Responsibilities of each party during the ‘ending’ - just as you will define your role during the partnership, what role will you each play in the ending and once it has come to an end?
Intellectual Property rights and how you will manage these on an ongoing basis
Division / distribution of shares / financial interests or assets (e.g. valuation, buy out etc)
Management of any ongoing liabilities and responsibilities
Dispute resolution - how will you handle challenging conversations when they arise during your ending? Will you appoint a third-party for support? If so, what will be the trigger for this action to take place?
Confidentiality / competition - how will you treat the rights to clients, ongoing projects or other types of business assets?
Actions you will take to help any employees or stakeholders through the ending.
You may also wish to develop an agreed public narrative including a statement on the value and outcomes achieved through the partnership and your shared reason for ending. You might want to imagine delivering this as part of an event celebrating the outcomes your partnership has achieved.
Don’t set and forget!
Of course, your partnership will evolve over time - let these questions and considerations guide an ongoing conversation throughout the life of the partnership. Review your answers to these questions periodically and update them as you need to. This will keep your intent front and centre and guide you through turbulent times.

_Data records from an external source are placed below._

lemma measure_diff_itinerary_core_le:
  assumes "nds X f" "invariant_measures X f \<mu>" "\<And>n. closed (G n)" "\<And>n. G n \<subseteq> X n"
  shows "measure (\<mu> k) (X k - itinerary_core X f G k m)
    \<le> (\<Sum>i<m. measure (\<mu> (k + i)) (X (k + i) - G (k + i)))"
proof -
  have sets_\<mu>: "sets (\<mu> n) = sets (restrict_space borel (X n))" for n
    using assms(2) unfolding invariant_measures_def by blast
  interpret prob_space "\<mu> k"
    using assms(2) unfolding invariant_measures_def by blast
  define E where "E i = X (k + i) - G (k + i)" for i
  have E: "E i \<in> sets (restrict_space borel (X (k + i)))" for i
    unfolding E_def using space_in_sets_restrict_borel closed_in_sets_restrict_borel[OF assms(3,4)]
    by (rule sets.Diff)
  have "X k - itinerary_core X f G k m = (\<Union>i<m. fiter f k i -` E i \<inter> X k)"
    unfolding itinerary_core_def E_def using fiter_in[OF assms(1)] by auto
  also have "measure (\<mu> k) \<dots> \<le> (\<Sum>i<m. measure (\<mu> k) (fiter f k i -` E i \<inter> X k))"
    using fiter_preimage_in_sets[OF assms(1) E] sets_\<mu>
    by (intro finite_measure_subadditive_finite) auto
  also have "\<dots> = (\<Sum>i<m. measure (\<mu> (k + i)) (E i))"
    using measure_fiter_preimage[OF assms(1,2) E] by simp
  finally show ?thesis unfolding E_def .
qed

lemma separated_on_bigjoin:
  assumes "nds X f" "partition_seq X P" "\<And>n. G n \<subseteq> X n"
    and close: "\<And>i x y. i < m \<Longrightarrow> x \<in> X k \<Longrightarrow> y \<in> X k \<Longrightarrow> dist x y < \<delta>' \<Longrightarrow>
      dist (fiter f k i x) (fiter f k i y) < \<delta>"
    and sep: "\<And>i. i < m \<Longrightarrow> separated_on (G (k + i)) \<delta> (P (k + i))"
  shows "separated_on (itinerary_core X f G k m) \<delta>' (bigjoin X f P k m)"
  unfolding separated_on_def
proof (intro ballI impI)
  fix D D' x y
  assume D: "D \<in> bigjoin X f P k m" "D' \<in> bigjoin X f P k m" "D \<noteq> D'"
    and x: "x \<in> D \<inter> itinerary_core X f G k m" and y: "y \<in> D' \<inter> itinerary_core X f G k m"
  have Pb: "borel_partition (X n) (P n)" for n
    using assms(2) unfolding partition_seq_def by blast
  show "\<delta>' \<le> dist x y"
  proof (rule ccontr)
    assume "\<not> \<delta>' \<le> dist x y"
    have "\<exists>A\<in>P (k + i). fiter f k i x \<in> A \<and> fiter f k i y \<in> A" if "i < m" for i
    proof -
      have in_G: "fiter f k i x \<in> G (k + i)" "fiter f k i y \<in> G (k + i)"
        using x y that unfolding itinerary_core_def by blast+
      obtain A where A: "A \<in> P (k + i)" "fiter f k i x \<in> A"
        using borel_partition_cover[OF Pb] in_G(1) assms(3) by blast
      obtain B where B: "B \<in> P (k + i)" "fiter f k i y \<in> B"
        using borel_partition_cover[OF Pb] in_G(2) assms(3) by blast
      have "dist (fiter f k i x) (fiter f k i y) < \<delta>"
        using close that x y \<open>\<not> \<delta>' \<le> dist x y\<close> unfolding itinerary_core_def by simp
      moreover have "A \<noteq> B \<Longrightarrow> \<delta> \<le> dist (fiter f k i x) (fiter f k i y)"
        using separated_onD[OF sep[OF that] A(1) B(1)] A(2) B(2) in_G by blast
      ultimately have "A = B" by linarith
      then show ?thesis
        using A B by blast
    qed
    then have "y \<in> D"
      using mem_bigjoin_if_same_itinerary[OF assms(2) D(1)] x y unfolding itinerary_core_def by blast
    moreover have "borel_partition (X k) (bigjoin X f P k m)"
      using x unfolding itinerary_core_def by (intro borel_partition_bigjoin assms(1,2)) blast
    ultimately have "D' = D"
      using borel_partition_eqI[OF _ D(2) D(1)] y by blast
    then show False
      using D(3) by simp
  qed
qed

“The more one thinks about the ‘ending,’ the more facets come to the surface: The implications for each partner, the implications for the partners’ relationships and interactions, the implications for sustaining the value created, as well as the implications for other, related initiatives. My research actually shows that, over time, partnerships become deeply embedded in their context which makes it difficult to simply ‘pull out’.”
- Lea Stadtler
Start your next partnership by talking about the ending
When we think about the ‘ending’ early and often in purpose-driven partnerships, we create the opportunity to shift from a break-up to a celebration of what was and what is thanks to the partnership you created. When we document those thoughts, we create a container of intent that is enduring and can guide our partnerships through even the most turbulent moments. So brave humans, start now by asking 3 important questions:
What would make you satisfied to walk away from this all?
Is a partnership the only way to achieve this outcome?
What would our ‘ending’ look like if we got it right for our partnership?